___ Dataset records ___

theorem lemma1:
  fixes lam ri :: real and L l :: nat and alpha :: complex and kappa :: "real^3"
    and V :: "nat \<Rightarrow> complex" and rr :: "nat \<Rightarrow> real" and S :: "(real^3) set"
    and q qj :: "real^3"
  assumes "lam > 0" and "L \<ge> 2" and "l \<in> {1..L}" and "ri > 0" and "norm kappa = 1"
    and "convex S" and "bdd_above ((\<lambda>p. (norm p)\<^sup>2) ` S)"
    and "q \<in> S" and "qj \<in> S"
  shows
   "g_fun lam L l alpha ri kappa V rr q \<ge>
      g_fun lam L l alpha ri kappa V rr qj
      + frechet_derivative (g_fun lam L l alpha ri kappa V rr) (at qj) (q - qj)
      - delta_const lam L l alpha ri V (SUP p\<in>S. (norm p)\<^sup>2) / 2 * (norm (q - qj))\<^sup>2
    \<and> g_fun lam L l alpha ri kappa V rr q \<le>
      g_fun lam L l alpha ri kappa V rr qj
      + frechet_derivative (g_fun lam L l alpha ri kappa V rr) (at qj) (q - qj)
      + delta_const lam L l alpha ri V (SUP p\<in>S. (norm p)\<^sup>2) / 2 * (norm (q - qj))\<^sup>2"
proof -
  let ?g = "g_fun lam L l alpha ri kappa V rr"
  let ?g' = "g_deriv lam L l alpha ri kappa V rr"
  let ?\<delta> = "delta_const lam L l alpha ri V (SUP p\<in>S. (norm p)\<^sup>2)"
  define d where "d = q - qj"
  have ri: "ri \<noteq> 0"
    using assms(4) by simp
  have bounded_on_segment: "(norm (qj + t *\<^sub>R d))\<^sup>2 \<le> (SUP p\<in>S. (norm p)\<^sup>2)" if "0 \<le> t" "t \<le> 1" for t
  proof -
    have "qj + t *\<^sub>R d = (1 - t) *\<^sub>R qj + t *\<^sub>R q"
      by (simp add: d_def algebra_simps)
    also have "\<dots> \<in> S"
      using assms(6,8,9) that by (simp add: convex_alt)
    finally show ?thesis
      by (rule cSUP_upper2[OF assms(7)]) simp
  qed
  have "\<bar>?g (qj + d) - ?g qj - ?g' qj d\<bar> \<le> ?\<delta> * (norm d)\<^sup>2 / 2"
  proof (rule taylor_second_order_along_segment)
    show "(?g has_derivative ?g' x) (at x)" for x
      using has_derivative_g_fun[OF ri] .
    show "((\<lambda>s. ?g' (qj + s *\<^sub>R d) d) has_real_derivative
        g_second_deriv lam L l alpha ri kappa V rr (qj + t *\<^sub>R d) d) (at t)" for t
      using has_real_derivative_g_deriv_along_line[OF ri] .
    show "\<bar>g_second_deriv lam L l alpha ri kappa V rr (qj + t *\<^sub>R d) d\<bar> \<le> ?\<delta> * (norm d)\<^sup>2"
      if "0 \<le> t" "t \<le> 1" for t
      using abs_g_second_deriv_le[OF assms(1,4,5) bounded_on_segment[OF that]] .
  qed
  then have "\<bar>?g q - ?g qj - ?g' qj (q - qj)\<bar> \<le> ?\<delta> / 2 * (norm (q - qj))\<^sup>2"
    by (simp add: d_def)
  moreover have "frechet_derivative ?g (at qj) = ?g' qj"
    using frechet_derivative_at[OF has_derivative_g_fun[OF ri]] by simp
  ultimately show ?thesis
    unfolding abs_le_iff by auto
qed

end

___

◆ **Your goal**
Only the lines from the one holding "by (simp add: d_def)" through the end of the listing should appear in the response, each restated exactly.

◆ **Exercise response**
    by (simp add: d_def)
  moreover have "frechet_derivative ?g (at qj) = ?g' qj"
    using frechet_derivative_at[OF has_derivative_g_fun[OF ri]] by simp
  ultimately show ?thesis
    unfolding abs_le_iff by auto
qed

end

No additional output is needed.